Uncomfortable Truths: The Wine Edition

TruthsSome truths are uncomfortable.

The Experts Are the Best Sources of Wine Info and Recommendations
The tendancy to disparage "wine experts" or "wine elite" grows as the role of social media and peer reviews grow. Yet the fact remains that the experts are the best and most reliable source of information on wine. Folks like Eric Asimov, Robert Parker, Jim Laube, Jancis Robinson, Steve Heimoff, Charles Olken, Dan Berger, Lettie Teague, Jon Bonne and other well known experts are the one's with the experience to best understand wine and best provide well-founded recommendations and critiques. There is no way around the fact that experience = expertise. It doesn't matter if you are talkinb about archeology, Rock n Roll, cheese, interior decorating or wine.

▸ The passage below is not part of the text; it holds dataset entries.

(* Let $\mathbb X$ be a basic space and $\mathcal D=(D,<,\rho)$ a computable partially ordered set. Every partial function in $\mathrm{Max}_{\mathrm{PR}}[\mathbb X\to\mathcal D]$ or in $\mathrm{Min}_{\mathrm{PR}}[\mathbb X\to\mathcal D]$ has a $\Sigma^0_1\wedge\Pi^0_1$ graph and a $\Sigma^0_2$ domain.
   Context: A basic space is a finite non-empty product of sets each of which is $\mathbb N$, $\mathbb Z$, or $A^*$ for some finite alphabet $A$. A computable partially ordered set is a triple $\mathcal D=(D,<,\rho)$ where $\rho:\mathbb N\to D$ is a bijection and $<$ is a strict partial order on $D$ with $\{(m,n):\rho(m)<\rho(n)\}$ computable; a partial function into $D$ is partial computable if its composition with $\rho^{-1}$ is. For a partial $f:\mathbb X\times\mathbb N\to D$ monotone increasing (resp. decreasing) in its second argument on its domain, $\max^{\mathcal D}f$ (resp. $\min^{\mathcal D}f$) is the partial function defined exactly at those $x$ for which $\{f(x,t):t,\ f(x,t)\text{ defined}\}$ is finite and non-empty, with value its maximum (resp. minimum). $\mathrm{Max}_{\mathrm{PR}}[\mathbb X\to\mathcal D]$ (resp. $\mathrm{Min}_{\mathrm{PR}}[\mathbb X\to\mathcal D]$) is the class of all $\max^{\mathcal D}f$ (resp. $\min^{\mathcal D}f$) with $f$ partial computable and monotone increasing (resp. decreasing) in its second argument. A relation $R\subseteq\mathbb X\times D$ is $\Sigma^0_n$, $\Pi^0_n$, or $\Sigma^0_1\wedge\Pi^0_1$ (conjunction of a $\Sigma^0_1$ and a $\Pi^0_1$ relation) if so is $\{(x,n):(x,\rho(n))\in R\}\subseteq\mathbb X\times\mathbb N$ in the arithmetical hierarchy. *)

theory Defs
  imports Main "HOL-Library.Nat_Bijection"
begin

datatype recf = Zero | Succ | Proj nat | Comp recf "recf list" | Prim recf recf | Mn recf

inductive eval :: "recf \<Rightarrow> nat list \<Rightarrow> nat \<Rightarrow> bool" where
  eval_Zero: "eval Zero xs 0"
| eval_Succ: "eval Succ (x # xs) (Suc x)"
| eval_Proj: "i < length xs \<Longrightarrow> eval (Proj i) xs (xs ! i)"
| eval_Comp: "length ys = length gs \<Longrightarrow> (\<forall>i < length gs. eval (gs ! i) xs (ys ! i))
      \<Longrightarrow> eval f ys z \<Longrightarrow> eval (Comp f gs) xs z"
| eval_Prim0: "eval f xs y \<Longrightarrow> eval (Prim f g) (0 # xs) y"
| eval_PrimS: "eval (Prim f g) (n # xs) y \<Longrightarrow> eval g (y # n # xs) z
      \<Longrightarrow> eval (Prim f g) (Suc n # xs) z"
| eval_Mn: "eval f (n # xs) 0 \<Longrightarrow> (\<forall>m < n. \<exists>k. k \<noteq> 0 \<and> eval f (m # xs) k)
      \<Longrightarrow> eval (Mn f) xs n"

definition partrec :: "(nat \<Rightarrow> nat option) \<Rightarrow> bool" where
  "partrec \<phi> \<longleftrightarrow> (\<exists>r. \<forall>x y. eval r [x] y \<longleftrightarrow> \<phi> x = Some y)"

definition computable_set :: "nat set \<Rightarrow> bool" where
  "computable_set A \<longleftrightarrow> partrec (\<lambda>x. Some (if x \<in> A then 1 else 0))"

fun Sigma :: "nat \<Rightarrow> nat set \<Rightarrow> bool" where
  "Sigma 0 A = computable_set A"
| "Sigma (Suc n) A = (\<exists>P. Sigma n (- P) \<and> A = {c. \<exists>m. prod_encode (c, m) \<in> P})"

definition Pi :: "nat \<Rightarrow> nat set \<Rightarrow> bool" where
  "Pi n A \<longleftrightarrow> Sigma n (- A)"

text \<open>Component kinds: N, Z, or A* for a finite alphabet A, identified with {0..<k}, k = |A|.\<close>
datatype bkind = KN | KZ | KW nat
datatype bval = VN nat | VZ int | VW "nat list"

Expensive Wine Is Almost Always Better
While I realize that, like beauty, taste is in the palate of the beholder, it is a fact that a more expensive wine is likely to be a higher quality wine. The price of wine is generally dependant upon three things: the cost of production, the supply and the demand. More expensive wines almost always cost more to make because the they use better ingredients (grapes, barrels, winemakers, etc), because the demand for the wines are higher, and the supply is generally limited. I've argued in the past that pronouncements of quality are entirely subjective. But within the world of consensus understandings, we will almost always understand that more expensive wines are appreciated in greater degree than less expensive wines.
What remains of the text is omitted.